[Records contained in a dataset]
——————

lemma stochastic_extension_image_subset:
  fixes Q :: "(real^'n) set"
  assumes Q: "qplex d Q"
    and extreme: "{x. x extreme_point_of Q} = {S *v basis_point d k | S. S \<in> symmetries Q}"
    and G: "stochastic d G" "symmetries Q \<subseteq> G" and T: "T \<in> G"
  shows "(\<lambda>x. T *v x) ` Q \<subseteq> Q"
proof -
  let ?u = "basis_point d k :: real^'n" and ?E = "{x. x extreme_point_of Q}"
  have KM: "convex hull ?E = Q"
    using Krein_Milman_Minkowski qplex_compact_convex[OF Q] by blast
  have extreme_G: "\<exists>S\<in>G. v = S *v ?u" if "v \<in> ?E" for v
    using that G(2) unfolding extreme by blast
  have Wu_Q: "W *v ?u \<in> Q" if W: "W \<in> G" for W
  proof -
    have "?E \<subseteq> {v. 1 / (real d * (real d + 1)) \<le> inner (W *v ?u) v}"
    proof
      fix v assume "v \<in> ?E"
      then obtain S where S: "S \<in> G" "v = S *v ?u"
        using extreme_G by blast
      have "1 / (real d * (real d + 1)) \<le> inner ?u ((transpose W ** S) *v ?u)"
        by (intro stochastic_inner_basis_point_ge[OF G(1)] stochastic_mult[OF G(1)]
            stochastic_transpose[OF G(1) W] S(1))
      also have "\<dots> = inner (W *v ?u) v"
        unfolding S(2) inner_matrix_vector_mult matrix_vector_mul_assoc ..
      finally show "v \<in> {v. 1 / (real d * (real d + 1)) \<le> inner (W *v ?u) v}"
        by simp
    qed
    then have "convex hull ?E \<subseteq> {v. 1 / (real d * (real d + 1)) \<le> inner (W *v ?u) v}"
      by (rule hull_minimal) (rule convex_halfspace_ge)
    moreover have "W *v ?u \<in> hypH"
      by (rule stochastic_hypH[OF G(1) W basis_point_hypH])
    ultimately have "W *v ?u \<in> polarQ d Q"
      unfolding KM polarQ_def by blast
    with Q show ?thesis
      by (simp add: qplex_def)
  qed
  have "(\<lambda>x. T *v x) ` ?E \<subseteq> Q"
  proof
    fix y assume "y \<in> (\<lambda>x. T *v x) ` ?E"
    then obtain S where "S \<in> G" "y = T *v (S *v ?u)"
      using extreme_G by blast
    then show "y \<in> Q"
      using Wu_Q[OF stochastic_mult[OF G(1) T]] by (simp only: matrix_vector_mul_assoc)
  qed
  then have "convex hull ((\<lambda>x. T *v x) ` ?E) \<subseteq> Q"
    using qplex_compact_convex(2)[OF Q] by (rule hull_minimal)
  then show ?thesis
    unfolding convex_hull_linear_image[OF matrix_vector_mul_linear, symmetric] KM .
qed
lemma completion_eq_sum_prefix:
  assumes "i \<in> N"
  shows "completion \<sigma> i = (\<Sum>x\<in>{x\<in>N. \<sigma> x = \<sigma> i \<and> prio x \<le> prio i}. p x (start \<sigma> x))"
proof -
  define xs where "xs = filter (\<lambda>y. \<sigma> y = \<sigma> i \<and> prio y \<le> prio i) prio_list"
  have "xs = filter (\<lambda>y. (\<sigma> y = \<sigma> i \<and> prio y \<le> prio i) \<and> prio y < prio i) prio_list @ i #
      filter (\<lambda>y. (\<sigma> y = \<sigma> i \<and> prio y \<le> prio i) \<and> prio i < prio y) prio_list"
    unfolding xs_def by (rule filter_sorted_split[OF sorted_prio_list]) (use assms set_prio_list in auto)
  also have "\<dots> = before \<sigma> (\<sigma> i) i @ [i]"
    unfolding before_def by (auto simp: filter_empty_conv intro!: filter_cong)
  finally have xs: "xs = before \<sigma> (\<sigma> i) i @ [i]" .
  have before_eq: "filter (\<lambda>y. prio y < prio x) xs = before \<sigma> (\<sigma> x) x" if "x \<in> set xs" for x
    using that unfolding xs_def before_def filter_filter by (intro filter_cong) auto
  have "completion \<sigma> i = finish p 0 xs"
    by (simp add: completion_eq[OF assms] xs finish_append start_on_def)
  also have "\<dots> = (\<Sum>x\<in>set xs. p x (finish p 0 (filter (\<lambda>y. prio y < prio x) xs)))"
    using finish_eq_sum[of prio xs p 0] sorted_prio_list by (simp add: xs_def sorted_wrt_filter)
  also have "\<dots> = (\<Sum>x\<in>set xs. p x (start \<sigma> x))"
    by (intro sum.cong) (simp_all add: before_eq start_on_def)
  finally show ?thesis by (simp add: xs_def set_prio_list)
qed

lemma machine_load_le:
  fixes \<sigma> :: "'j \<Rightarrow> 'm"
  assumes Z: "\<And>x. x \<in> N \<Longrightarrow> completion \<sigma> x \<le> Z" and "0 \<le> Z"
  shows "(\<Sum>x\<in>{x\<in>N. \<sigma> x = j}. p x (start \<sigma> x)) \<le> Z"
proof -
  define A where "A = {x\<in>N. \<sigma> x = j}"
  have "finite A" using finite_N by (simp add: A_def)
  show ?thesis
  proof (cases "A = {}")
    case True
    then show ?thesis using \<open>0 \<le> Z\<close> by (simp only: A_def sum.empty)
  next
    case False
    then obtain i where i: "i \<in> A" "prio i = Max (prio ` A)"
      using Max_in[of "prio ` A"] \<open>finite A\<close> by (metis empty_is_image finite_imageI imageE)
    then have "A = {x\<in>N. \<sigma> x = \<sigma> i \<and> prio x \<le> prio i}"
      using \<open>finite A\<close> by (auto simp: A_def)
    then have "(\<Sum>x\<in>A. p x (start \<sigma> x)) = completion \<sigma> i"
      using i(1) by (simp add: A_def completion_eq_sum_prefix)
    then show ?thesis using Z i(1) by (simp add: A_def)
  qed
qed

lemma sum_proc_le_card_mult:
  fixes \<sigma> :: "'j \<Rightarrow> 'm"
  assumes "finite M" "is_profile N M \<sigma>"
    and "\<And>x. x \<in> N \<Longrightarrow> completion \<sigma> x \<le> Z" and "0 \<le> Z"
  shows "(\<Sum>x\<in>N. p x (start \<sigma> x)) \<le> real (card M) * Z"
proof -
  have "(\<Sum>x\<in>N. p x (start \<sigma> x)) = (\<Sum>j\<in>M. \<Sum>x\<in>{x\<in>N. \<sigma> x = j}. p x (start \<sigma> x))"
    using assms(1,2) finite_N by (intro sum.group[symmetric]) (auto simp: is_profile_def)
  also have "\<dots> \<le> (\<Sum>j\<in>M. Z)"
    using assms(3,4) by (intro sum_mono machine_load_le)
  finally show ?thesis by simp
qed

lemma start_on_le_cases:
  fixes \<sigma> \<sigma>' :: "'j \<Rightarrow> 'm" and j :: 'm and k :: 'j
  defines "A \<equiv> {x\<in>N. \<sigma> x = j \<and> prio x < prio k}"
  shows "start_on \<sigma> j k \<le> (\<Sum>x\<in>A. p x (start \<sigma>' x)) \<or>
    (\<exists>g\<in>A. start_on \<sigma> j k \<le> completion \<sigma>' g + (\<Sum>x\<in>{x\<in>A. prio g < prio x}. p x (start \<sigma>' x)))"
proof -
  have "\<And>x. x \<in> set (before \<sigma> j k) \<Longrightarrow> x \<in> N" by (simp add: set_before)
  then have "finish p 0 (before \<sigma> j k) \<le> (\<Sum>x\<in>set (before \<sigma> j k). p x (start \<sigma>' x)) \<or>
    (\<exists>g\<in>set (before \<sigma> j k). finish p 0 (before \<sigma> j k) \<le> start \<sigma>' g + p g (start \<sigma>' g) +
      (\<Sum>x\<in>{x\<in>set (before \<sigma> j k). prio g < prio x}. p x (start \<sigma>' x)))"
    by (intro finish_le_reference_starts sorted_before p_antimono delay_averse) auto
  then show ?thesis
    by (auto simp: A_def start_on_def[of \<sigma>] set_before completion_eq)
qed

——————

▶ _What is being asked_: Scan the entries above for the line containing "finally show ?thesis by simp", and copy it and all lines after it exactly, down to and including the line containing "j \<and> prio".

▶ _Exercise output_:
  finally show ?thesis by simp
qed

lemma start_on_le_cases:
  fixes \<sigma> \<sigma>' :: "'j \<Rightarrow> 'm" and j :: 'm and k :: 'j
  defines "A \<equiv> {x\<in>N. \<sigma> x = j \<and> prio x < prio k}"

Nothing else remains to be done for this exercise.